'''

(* Let $r,M\ge 1$, $N\ge 1$ a real number, and ${\bf e}_{mn}\in\mathbb{C}^{r}$ ($1\le m,n\le M$) arbitrary vectors. Define, for ${\bf W}$ in the cone $\mathbb{H}^r_+$ of $r\times r$ positive semidefinite Hermitian matrices, $$g({\bf W};N)=\frac{1}{M}\sum_{m=1}^{M}\log\sum_{n=1}^{M}\Big(1+\tfrac12{\bf e}_{mn}^{\mathrm H}{\bf W}{\bf e}_{mn}\Big)^{-N}.$$ Then $g(\cdot;N)$ is convex on $\mathbb{H}^r_+$ and matrix nonincreasing there: if ${\bf W}_1\succeq{\bf W}_2\succeq{\bf 0}$ then $g({\bf W}_1;N)\le g({\bf W}_2;N)$.
   Context: $\log$ is the base-2 logarithm. ${\bf U}\succeq{\bf V}$ means ${\bf U}-{\bf V}$ is positive semidefinite. (In the paper's application ${\bf e}_{mn}={\bf x}_m-{\bf x}_n$ are differences of points of a finite constellation, but the claim holds for arbitrary vectors.) *)

theory Defs
  imports "HOL-Analysis.Analysis"
begin

definition qform :: "complex^'r^'r \<Rightarrow> complex^'r \<Rightarrow> complex" where
  "qform W x = (\<Sum>i\<in>UNIV. \<Sum>j\<in>UNIV. cnj (x$i) * W$i$j * x$j)"

definition hermitian_mat :: "complex^'r^'r \<Rightarrow> bool" where
  "hermitian_mat W \<longleftrightarrow> (\<forall>i j. W$i$j = cnj (W$j$i))"

definition psd_herm :: "complex^'r^'r \<Rightarrow> bool" where
  "psd_herm W \<longleftrightarrow> hermitian_mat W \<and> (\<forall>x. qform W x \<in> \<real> \<and> 0 \<le> Re (qform W x))"

definition gfun :: "nat \<Rightarrow> (nat \<Rightarrow> nat \<Rightarrow> complex^'r) \<Rightarrow> real \<Rightarrow> complex^'r^'r \<Rightarrow> real" where
  "gfun M e N W = (1 / real M) * (\<Sum>m\<in>{1..M}. log 2 (\<Sum>n\<in>{1..M}.
       (1 + Re (qform W (e m n)) / 2) powr (- N)))"

end

theory Submission
  imports Defs
begin

text \<open>Each summand (1 + e^H W e / 2)^(-N) is a negative power of a positive affine function of W,
  hence log-convex on the cone. By Hoelder's inequality a finite sum of log-convex functions is
  again log-convex, so each log of an inner sum is convex, and so is their average.
  Monotonicity: W1 - W2 \<succeq> 0 raises every quadratic form, and t \<mapsto> t^(-N) is decreasing.\<close>

lemma qform_add: "qform (W + V) x = qform W x + qform V x"
  unfolding qform_def by (simp add: algebra_simps sum.distrib)

lemma qform_scaleR: "qform (c *\<^sub>R W) x = of_real c * qform W x"
  unfolding qform_def
  by (simp only: vector_scaleR_component) (simp add: scaleR_conv_of_real algebra_simps sum_distrib_left)

lemma qform_diff: "qform (W - V) x = qform W x - qform V x"
  unfolding qform_def by (simp add: algebra_simps sum_subtractf)

lemma linear_Re_qform_divide: "linear (\<lambda>W. Re (qform W x) / c)"
  by (rule linearI) (simp_all add: qform_add qform_scaleR add_divide_distrib)

lemma psd_herm_Re_qform_nonneg: "psd_herm W \<Longrightarrow> 0 \<le> Re (qform W x)"
  by (simp add: psd_herm_def)

(* metis rather than simp: the symmetry W$i$j = cnj (W$j$i) loops as a rewrite rule. *)
lemma hermitian_mat_add: "hermitian_mat W \<Longrightarrow> hermitian_mat V \<Longrightarrow> hermitian_mat (W + V)"
  unfolding hermitian_mat_def by (metis complex_cnj_add vector_add_component)

lemma hermitian_mat_scaleR: "hermitian_mat W \<Longrightarrow> hermitian_mat (c *\<^sub>R W)"
  unfolding hermitian_mat_def by (metis complex_cnj_scaleR vector_scaleR_component)

lemma psd_herm_add:
  assumes "psd_herm W" "psd_herm V"
  shows "psd_herm (W + V)"
  using assms by (auto simp: psd_herm_def hermitian_mat_add qform_add)

lemma psd_herm_scaleR:
  assumes "psd_herm W" "0 \<le> c"
  shows "psd_herm (c *\<^sub>R W)"
  using assms by (auto simp: psd_herm_def hermitian_mat_scaleR qform_scaleR)

lemma convex_psd_herm: "convex {W. psd_herm W}"
  by (rule convexI) (simp add: psd_herm_add psd_herm_scaleR)

lemma psd_herm_Re_qform_mono:
  assumes "psd_herm (W1 - W2)"
  shows "Re (qform W2 x) \<le> Re (qform W1 x)"
  using psd_herm_Re_qform_nonneg[OF assms, of x] by (simp add: qform_diff)

lemma psd_herm_summand_base_pos: "psd_herm W \<Longrightarrow> 0 < 1 + Re (qform W x) / 2"
  using psd_herm_Re_qform_nonneg[of W x] by simp

lemma psd_herm_summand_pos: "psd_herm W \<Longrightarrow> 0 < (1 + Re (qform W x) / 2) powr a"
  using psd_herm_summand_base_pos[of W x] by simp

lemma Holder_inequality_sum:
  fixes a b :: "'i \<Rightarrow> real"
  assumes "finite I" "I \<noteq> {}" "\<And>i. i \<in> I \<Longrightarrow> a i > 0" "\<And>i. i \<in> I \<Longrightarrow> b i > 0"
    and "0 \<le> \<alpha>" "0 \<le> \<beta>" "\<alpha> + \<beta> = 1"
  shows "(\<Sum>i\<in>I. a i powr \<alpha> * b i powr \<beta>) \<le> (\<Sum>i\<in>I. a i) powr \<alpha> * (\<Sum>i\<in>I. b i) powr \<beta>"
proof -
  define A B where "A = (\<Sum>i\<in>I. a i)" and "B = (\<Sum>i\<in>I. b i)"
  have "A > 0" "B > 0"
    unfolding A_def B_def using assms by (auto intro: sum_pos)
  have "a i powr \<alpha> * b i powr \<beta> \<le> A powr \<alpha> * B powr \<beta> * (\<alpha> / A * a i + \<beta> / B * b i)"
    if "i \<in> I" for i
  proof -
    have "(a i / A) powr \<alpha> * (b i / B) powr \<beta> \<le> \<alpha> * (a i / A) + \<beta> * (b i / B)"
      using \<open>A > 0\<close> \<open>B > 0\<close> assms that by (intro Youngs_inequality_0) auto
    then show ?thesis
      using \<open>A > 0\<close> \<open>B > 0\<close> assms(3,4)[OF that]
      by (simp add: powr_divide field_simps)
  qed
  then have "(\<Sum>i\<in>I. a i powr \<alpha> * b i powr \<beta>)
      \<le> (\<Sum>i\<in>I. A powr \<alpha> * B powr \<beta> * (\<alpha> / A * a i + \<beta> / B * b i))"
    by (rule sum_mono)
  also have "\<dots> = A powr \<alpha> * B powr \<beta> * (\<alpha> / A * A + \<beta> / B * B)"
    unfolding A_def B_def by (simp only: sum.distrib sum_distrib_left[symmetric])
  also have "\<dots> = A powr \<alpha> * B powr \<beta>"
    using \<open>A > 0\<close> \<open>B > 0\<close> assms(7) by simp
  finally show ?thesis by (simp add: A_def B_def)
qed

lemma convex_on_ln_sum:
  fixes f :: "'i \<Rightarrow> 'a::real_vector \<Rightarrow> real"
  assumes "finite I" "I \<noteq> {}"
    and pos: "\<And>i x. i \<in> I \<Longrightarrow> x \<in> C \<Longrightarrow> f i x > 0"
    and log_convex: "\<And>i. i \<in> I \<Longrightarrow> convex_on C (\<lambda>x. ln (f i x))"
  shows "convex_on C (\<lambda>x. ln (\<Sum>i\<in>I. f i x))"
proof
  show "convex C"
    using \<open>I \<noteq> {}\<close> log_convex convex_on_imp_convex by blast
  fix t :: real and x y
  assume t: "0 < t" "t < 1" and "x \<in> C" "y \<in> C"
  define z where "z = (1 - t) *\<^sub>R x + t *\<^sub>R y"
  have sum_f_pos: "0 < (\<Sum>i\<in>I. f i w)" if "w \<in> C" for w
    using assms that by (intro sum_pos) auto
  have "z \<in> C"
    unfolding z_def using \<open>convex C\<close> \<open>x \<in> C\<close> \<open>y \<in> C\<close> t by (simp add: convex_alt)
  have "f i z \<le> f i x powr (1 - t) * f i y powr t" if "i \<in> I" for i
  proof -
    have "ln (f i z) \<le> (1 - t) * ln (f i x) + t * ln (f i y)"
      unfolding z_def using convex_onD[OF log_convex[OF that]] t \<open>x \<in> C\<close> \<open>y \<in> C\<close> by simp
    also have "\<dots> = ln (f i x powr (1 - t) * f i y powr t)"
      using pos[OF that \<open>x \<in> C\<close>] pos[OF that \<open>y \<in> C\<close>] by (simp add: ln_mult_pos)
    finally show ?thesis
      using pos[OF that \<open>z \<in> C\<close>] pos[OF that \<open>x \<in> C\<close>] pos[OF that \<open>y \<in> C\<close>]
      by (subst (asm) ln_le_cancel_iff) auto
  qed
  then have "(\<Sum>i\<in>I. f i z) \<le> (\<Sum>i\<in>I. f i x powr (1 - t) * f i y powr t)"
    by (rule sum_mono)
  also have "\<dots> \<le> (\<Sum>i\<in>I. f i x) powr (1 - t) * (\<Sum>i\<in>I. f i y) powr t"
    using assms t \<open>x \<in> C\<close> \<open>y \<in> C\<close> by (intro Holder_inequality_sum) auto
  finally have "ln (\<Sum>i\<in>I. f i z) \<le> ln ((\<Sum>i\<in>I. f i x) powr (1 - t) * (\<Sum>i\<in>I. f i y) powr t)"
    using sum_f_pos[OF \<open>z \<in> C\<close>] by (rule ln_mono)
  also have "\<dots> = (1 - t) * ln (\<Sum>i\<in>I. f i x) + t * ln (\<Sum>i\<in>I. f i y)"
    using sum_f_pos[OF \<open>x \<in> C\<close>] sum_f_pos[OF \<open>y \<in> C\<close>] by (simp add: ln_mult_pos)
  finally show "ln (\<Sum>i\<in>I. f i z) \<le> (1 - t) * ln (\<Sum>i\<in>I. f i x) + t * ln (\<Sum>i\<in>I. f i y)" .
qed

lemma convex_on_ln_powr_affine:
  assumes "linear l" "convex C" "\<And>x. x \<in> C \<Longrightarrow> 0 < c + l x" "0 \<le> N"
  shows "convex_on C (\<lambda>x. ln ((c + l x) powr - N))"
proof
  fix t :: real and x y
  assume t: "0 < t" "t < 1" and "x \<in> C" "y \<in> C"
  have affine: "c + l ((1 - t) *\<^sub>R x + t *\<^sub>R y) = (1 - t) * (c + l x) + t * (c + l y)"
    by (simp only: linear_add[OF \<open>linear l\<close>] linear_scale[OF \<open>linear l\<close>]) (simp add: algebra_simps)
  have "(1 - t) * ln (c + l x) + t * ln (c + l y) \<le> ln ((1 - t) * (c + l x) + t * (c + l y))"
    using concave_onD[OF ln_concave, of t] t assms(3) \<open>x \<in> C\<close> \<open>y \<in> C\<close> by simp
  then have "- N * ln (c + l ((1 - t) *\<^sub>R x + t *\<^sub>R y))
      \<le> - N * ((1 - t) * ln (c + l x) + t * ln (c + l y))"
    unfolding affine using \<open>0 \<le> N\<close> by (intro mult_left_mono_neg) auto
  then show "ln ((c + l ((1 - t) *\<^sub>R x + t *\<^sub>R y)) powr - N)
      \<le> (1 - t) * ln ((c + l x) powr - N) + t * ln ((c + l y) powr - N)"
    by (simp add: algebra_simps)
qed fact

lemma convex_on_sum_fun:
  assumes "finite I" "convex C" "\<And>i. i \<in> I \<Longrightarrow> convex_on C (f i)"
  shows "convex_on C (\<lambda>x. \<Sum>i\<in>I. f i x)"
  using assms by (induction I rule: finite_induct) (auto simp: convex_on_const)

lemma convex_on_gfun:
  assumes "M \<ge> 1" "N \<ge> 0"
  shows "convex_on {W. psd_herm W} (gfun M e N)"
proof -
  have "convex_on {W. psd_herm W}
      (\<lambda>W. ln (\<Sum>n\<in>{1..M}. (1 + Re (qform W (e m n)) / 2) powr - N))" for m
  proof (rule convex_on_ln_sum)
    fix n
    show "convex_on {W. psd_herm W} (\<lambda>W. ln ((1 + Re (qform W (e m n)) / 2) powr - N))"
      using linear_Re_qform_divide psd_herm_summand_base_pos convex_psd_herm \<open>N \<ge> 0\<close>
      by (intro convex_on_ln_powr_affine) auto
  qed (use \<open>M \<ge> 1\<close> psd_herm_summand_pos in auto)
  then show ?thesis
    unfolding gfun_def log_def
    by (intro convex_on_cmul convex_on_cdiv convex_on_sum_fun convex_psd_herm) auto
qed

lemma gfun_antimono:
  assumes "M \<ge> 1" "N \<ge> 0" "psd_herm W2" "psd_herm (W1 - W2)"
  shows "gfun M e N W1 \<le> gfun M e N W2"
proof -
  define S where "S W m = (\<Sum>n\<in>{1..M}. (1 + Re (qform W (e m n)) / 2) powr - N)" for W m
  have "psd_herm W1"
    using psd_herm_add[OF assms(3,4)] by simp
  have S_pos: "0 < S W m" if "psd_herm W" for W m
    unfolding S_def using \<open>M \<ge> 1\<close> psd_herm_summand_pos[OF that] by (intro sum_pos) auto
  have "S W1 m \<le> S W2 m" for m
    unfolding S_def
    using psd_herm_Re_qform_mono[OF assms(4)] psd_herm_summand_base_pos[OF assms(3)] \<open>N \<ge> 0\<close>
    by (intro sum_mono powr_mono2') auto
  then have "log 2 (S W1 m) \<le> log 2 (S W2 m)" for m
    using S_pos \<open>psd_herm W1\<close> by (intro log_mono) auto
  then show ?thesis
    unfolding gfun_def S_def[symmetric] by (intro mult_left_mono sum_mono) auto
qed

theorem proposition4:
  fixes M :: nat and N :: real and e :: "nat \<Rightarrow> nat \<Rightarrow> complex^'r"
  assumes "M \<ge> 1" and "N \<ge> 1"
  shows "convex_on {W. psd_herm W} (gfun M e N)
     \<and> (\<forall>W1 W2. psd_herm W2 \<and> psd_herm (W1 - W2) \<longrightarrow> gfun M e N W1 \<le> gfun M e N W2)"
proof -
  have "N \<ge> 0"
    using \<open>N \<ge> 1\<close> by simp
  with \<open>M \<ge> 1\<close> show ?thesis
    using convex_on_gfun gfun_antimono by blast
qed

end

'''

Task details:
Starting at the line that contains "proof (rule convex_on_ln_sum)", copy every line down to the last line of the records above, exactly as written.

Response for this exercise:
  proof (rule convex_on_ln_sum)
    fix n
    show "convex_on {W. psd_herm W} (\<lambda>W. ln ((1 + Re (qform W (e m n)) / 2) powr - N))"
      using linear_Re_qform_divide psd_herm_summand_base_pos convex_psd_herm \<open>N \<ge> 0\<close>
      by (intro convex_on_ln_powr_affine) auto
  qed (use \<open>M \<ge> 1\<close> psd_herm_summand_pos in auto)
  then show ?thesis
    unfolding gfun_def log_def
    by (intro convex_on_cmul convex_on_cdiv convex_on_sum_fun convex_psd_herm) auto
qed

lemma gfun_antimono:
  assumes "M \<ge> 1" "N \<ge> 0" "psd_herm W2" "psd_herm (W1 - W2)"
  shows "gfun M e N W1 \<le> gfun M e N W2"
proof -
  define S where "S W m = (\<Sum>n\<in>{1..M}. (1 + Re (qform W (e m n)) / 2) powr - N)" for W m
  have "psd_herm W1"
    using psd_herm_add[OF assms(3,4)] by simp
  have S_pos: "0 < S W m" if "psd_herm W" for W m
    unfolding S_def using \<open>M \<ge> 1\<close> psd_herm_summand_pos[OF that] by (intro sum_pos) auto
  have "S W1 m \<le> S W2 m" for m
    unfolding S_def
    using psd_herm_Re_qform_mono[OF assms(4)] psd_herm_summand_base_pos[OF assms(3)] \<open>N \<ge> 0\<close>
    by (intro sum_mono powr_mono2') auto
  then have "log 2 (S W1 m) \<le> log 2 (S W2 m)" for m
    using S_pos \<open>psd_herm W1\<close> by (intro log_mono) auto
  then show ?thesis
    unfolding gfun_def S_def[symmetric] by (intro mult_left_mono sum_mono) auto
qed

theorem proposition4:
  fixes M :: nat and N :: real and e :: "nat \<Rightarrow> nat \<Rightarrow> complex^'r"
  assumes "M \<ge> 1" and "N \<ge> 1"
  shows "convex_on {W. psd_herm W} (gfun M e N)
     \<and> (\<forall>W1 W2. psd_herm W2 \<and> psd_herm (W1 - W2) \<longrightarrow> gfun M e N W1 \<le> gfun M e N W2)"
proof -
  have "N \<ge> 0"
    using \<open>N \<ge> 1\<close> by simp
  with \<open>M \<ge> 1\<close> show ?thesis
    using convex_on_gfun gfun_antimono by blast
qed

end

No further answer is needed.